The Making of “Art Museum Libraries and Librarianship”

Joan BenedettiThe following is a “behind the scenes” account by ARLIS/SC member Joan Benedetti of the editing of the book, Art Museum Libraries and Librarianship, a co-publication of ARLIS/NA (Occasional Paper No. 16) and Scarecrow Press and the first book on the subject. Benedetti worked for 21 years as a solo librarian at the Craft and Folk Art Museum and then for five years at the L.A. County Museum of Art asa cataloger until her retirement at the end of 2002. She has written and presented several papers on the subject of small art museum libraries.

Three years ago, in the spring of 2004, I responded to an ARLIS-L posting from Paul Glassman, then Editor of the ARLIS/NA Occasional Papers, concerning possible publishing projects. On his list was the item, “Art Museum Library Handbook.” A couple of years previously, I had conducted a survey of small art museum libraries in the U.S. and Canada and reported on it at the 2002 ARLIS/NA conference in St. Louis.

The hunger for information about other art museum libraries that was evident when I conducted the survey, and the enthusiasm with which the idea of a book on art museum libraries was greeted when I presented it at the Museum Libraries Division meeting in New York City in 2004, made me sure I could put together a collection of essays contributed by members of the division that would be welcomed by librarians from all types and sizes of museum libraries. Before I went home from that conference, I had 15 art museum librarians lined up as authors and another 10 who volunteered to be readers or to contribute sample documents. I knew that Ann Abid, who had just retired as Head Librarian at the Cleveland Museum of Art, had written an article on “Art Museum Librarians” for the Encyclopedia of Library and Information Science published in 2003. I asked her if she would write an introduction for our book and she agreed. That summer I wrote a proposal to the ARLIS/NA Publications Committee and it was approved in early August 2004.

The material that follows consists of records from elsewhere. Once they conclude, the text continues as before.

lemma dense_in_prod_top_iff_visits_boxes:
  "prod_top X d closure_of {restrict (g n) {..<d} | n. True} = topspace (prod_top X d)
     \<longleftrightarrow> visits_boxes X d g"
  unfolding dense_intersects_open visits_boxes_def
proof (intro iffI allI impI)
  fix V assume dense: "\<forall>N. openin (prod_top X d) N \<and> N \<noteq> {} \<longrightarrow>
      {restrict (g n) {..<d} |n. True} \<inter> N \<noteq> {}"
    and V: "\<forall>i<d. openin (top_of_set X) (V i) \<and> V i \<noteq> {}"
  have "openin (prod_top X d) (PiE {..<d} V)"
    unfolding prod_top_def openin_PiE_gen using V by simp
  moreover have "PiE {..<d} V \<noteq> {}" using V by (simp add: PiE_eq_empty_iff)
  ultimately have "{restrict (g n) {..<d} | n. True} \<inter> PiE {..<d} V \<noteq> {}" using dense by blast
  then obtain n where "restrict (g n) {..<d} \<in> PiE {..<d} V" by blast
  then show "\<exists>n. \<forall>i<d. g n i \<in> V i" by (auto simp: restrict_PiE_iff)
next
  fix N assume visits: "\<forall>V. (\<forall>i<d. openin (top_of_set X) (V i) \<and> V i \<noteq> {}) \<longrightarrow>
      (\<exists>n. \<forall>i<d. g n i \<in> V i)"
    and N: "openin (prod_top X d) N \<and> N \<noteq> {}"
  then obtain f where "f \<in> N" by blast
  then obtain V where V: "\<forall>i<d. openin (top_of_set X) (V i)" "f \<in> PiE {..<d} V" "PiE {..<d} V \<subseteq> N"
    using N unfolding prod_top_def openin_product_topology_alt by fastforce
  then have "\<forall>i<d. openin (top_of_set X) (V i) \<and> V i \<noteq> {}" by (auto simp: PiE_iff)
  then obtain n where "\<forall>i<d. g n i \<in> V i" using visits by blast
  then have "restrict (g n) {..<d} \<in> PiE {..<d} V" by (simp add: restrict_PiE_iff)
  then have "restrict (g n) {..<d} \<in> N" using V(3) by blast
  then show "{restrict (g n) {..<d} |n. True} \<inter> N \<noteq> {}" by blast
qed

lemma second_countable_compact:
  fixes X :: "'a::metric_space set"
  assumes "compact X"
  shows "second_countable (top_of_set X)"
proof -
  have "\<forall>e>0. \<exists>F. finite F \<and> F \<subseteq> X \<and> X \<subseteq> (\<Union>x\<in>F. ball x e)"
    using seq_compact_imp_totally_bounded compact_imp_seq_compact assms by blast
  then have "\<forall>k::nat. \<exists>F. finite F \<and> F \<subseteq> X \<and> X \<subseteq> (\<Union>x\<in>F. ball x (1 / Suc k))"
    by simp
  then obtain F where F: "\<And>k. finite (F k) \<and> F k \<subseteq> X \<and> X \<subseteq> (\<Union>x\<in>F k. ball x (1 / Suc k))"
    by metis
  define B where "B = (\<Union>k. (\<lambda>c. X \<inter> ball c (1 / Suc k)) ` F k)"
  have "countable B"
    unfolding B_def using F by (intro countable_UN countable_image) (auto intro: countable_finite)
  moreover have "\<forall>W\<in>B. openin (top_of_set X) W"
    unfolding B_def by (auto intro: openin_open_Int)
  moreover have "\<exists>W\<in>B. z \<in> W \<and> W \<subseteq> U" if U: "openin (top_of_set X) U" and "z \<in> U" for U z
  proof -
    obtain e where e: "e > 0" "ball z e \<inter> X \<subseteq> U" using U \<open>z \<in> U\<close> openin_contains_ball by metis
    obtain k where k: "1 / real (Suc k) < e / 2"
      using real_arch_inverse[of "e / 2"] e(1) by (metis half_gt_zero inverse_eq_divide not0_implies_Suc)
    have "z \<in> X" using U \<open>z \<in> U\<close> openin_imp_subset by blast
    then obtain c where c: "c \<in> F k" "dist c z < 1 / Suc k" using F[of k] by auto
    have "X \<inter> ball c (1 / Suc k) \<subseteq> U"
    proof
      fix w assume w: "w \<in> X \<inter> ball c (1 / Suc k)"
      have "dist z w \<le> dist c z + dist c w" by (rule dist_triangle3)
      also have "\<dots> < e" using c w k by auto
      finally show "w \<in> U" using w e(2) by auto
    qed
    moreover have "X \<inter> ball c (1 / Suc k) \<in> B" unfolding B_def using c by blast
    moreover have "z \<in> X \<inter> ball c (1 / Suc k)" using c \<open>z \<in> X\<close> by simp
    ultimately show ?thesis by blast
  qed
  ultimately show ?thesis unfolding second_countable_def by blast
qed

lemma openin_preimage_box:
  assumes "finite I"
    and "\<And>i. i \<in> I \<Longrightarrow> continuous_on X (f i)" "\<And>i. i \<in> I \<Longrightarrow> f i ` X \<subseteq> Y"
    and "\<And>i. i \<in> I \<Longrightarrow> openin (top_of_set Y) (W i)"
  shows "openin (top_of_set X) {y\<in>X. \<forall>i\<in>I. f i y \<in> W i}"
proof -
  have "openin (top_of_set X) ((\<Inter>i\<in>I. X \<inter> f i -` W i) \<inter> topspace (top_of_set X))"
    using assms by (intro openin_INT continuous_openin_preimage[where T = Y]) auto
  moreover have "(\<Inter>i\<in>I. X \<inter> f i -` W i) \<inter> topspace (top_of_set X) = {y\<in>X. \<forall>i\<in>I. f i y \<in> W i}"
    by auto
  ultimately show ?thesis by simp
qed

lemma openin_box_visitors:
  assumes "\<And>n i. i < d \<Longrightarrow> continuous_on X (f n i)" "\<And>n i. i < d \<Longrightarrow> f n i ` X \<subseteq> X"
    and "\<And>i. i < d \<Longrightarrow> openin (top_of_set X) (W i)"
  shows "openin (top_of_set X) (box_visitors X d f W)"
proof -
  have "openin (top_of_set X) {y\<in>X. \<forall>i\<in>{..<d}. f n i y \<in> W i}" for n
    using assms by (intro openin_preimage_box[where Y = X]) auto
  then have "openin (top_of_set X) (\<Union>n. {y\<in>X. \<forall>i\<in>{..<d}. f n i y \<in> W i})" by blast
  moreover have "(\<Union>n. {y\<in>X. \<forall>i\<in>{..<d}. f n i y \<in> W i}) = box_visitors X d f W"
    unfolding box_visitors_def by auto
  ultimately show ?thesis by simp
qed

lemma dense_box_visitors:
  assumes trans: "jointly_transitive X d f"
    and W: "\<forall>i<d. openin (top_of_set X) (W i) \<and> W i \<noteq> {}"
  shows "top_of_set X closure_of box_visitors X d f W = X"
proof -
  have "box_visitors X d f W \<inter> U \<noteq> {}" if U: "openin (top_of_set X) U" "U \<noteq> {}" for U
  proof -
    obtain n where "U \<inter> (\<Inter>i<d. {y\<in>X. f n i y \<in> W i}) \<noteq> {}"
      using trans U W unfolding jointly_transitive_def by blast
    then obtain y where "y \<in> U" "\<forall>i<d. f n i y \<in> W i" by blast
    moreover have "y \<in> X" using U \<open>y \<in> U\<close> openin_imp_subset by blast
    ultimately show ?thesis unfolding box_visitors_def by blast
  qed
  then show ?thesis using dense_intersects_open[of "top_of_set X"] by simp
qed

Over the following year, the Publications Committee negotiated with Scarecrow Press to form a co-publication relationship with ARLIS/NA. ARLIS will provide Scarecrow with manuscripts; Scarecrow will publish, market, and distribute them. Scarecrow Press has been in business for over 50 years as a publisher of academic subjects, including librarianship. Scarecrow was purchased in 1995 by University Press of America and moved from its Metuchen, New Jersey, headquarters to Lanham, Maryland, where it is now a member of the Rowman & Littlefield Publishing Group. My experience with the Scarecrow and the Rowman & Littlefield staff has been terrific. It is expected that Art Museum Libraries and Librarianship will be the first of a mutually beneficial co-publication series.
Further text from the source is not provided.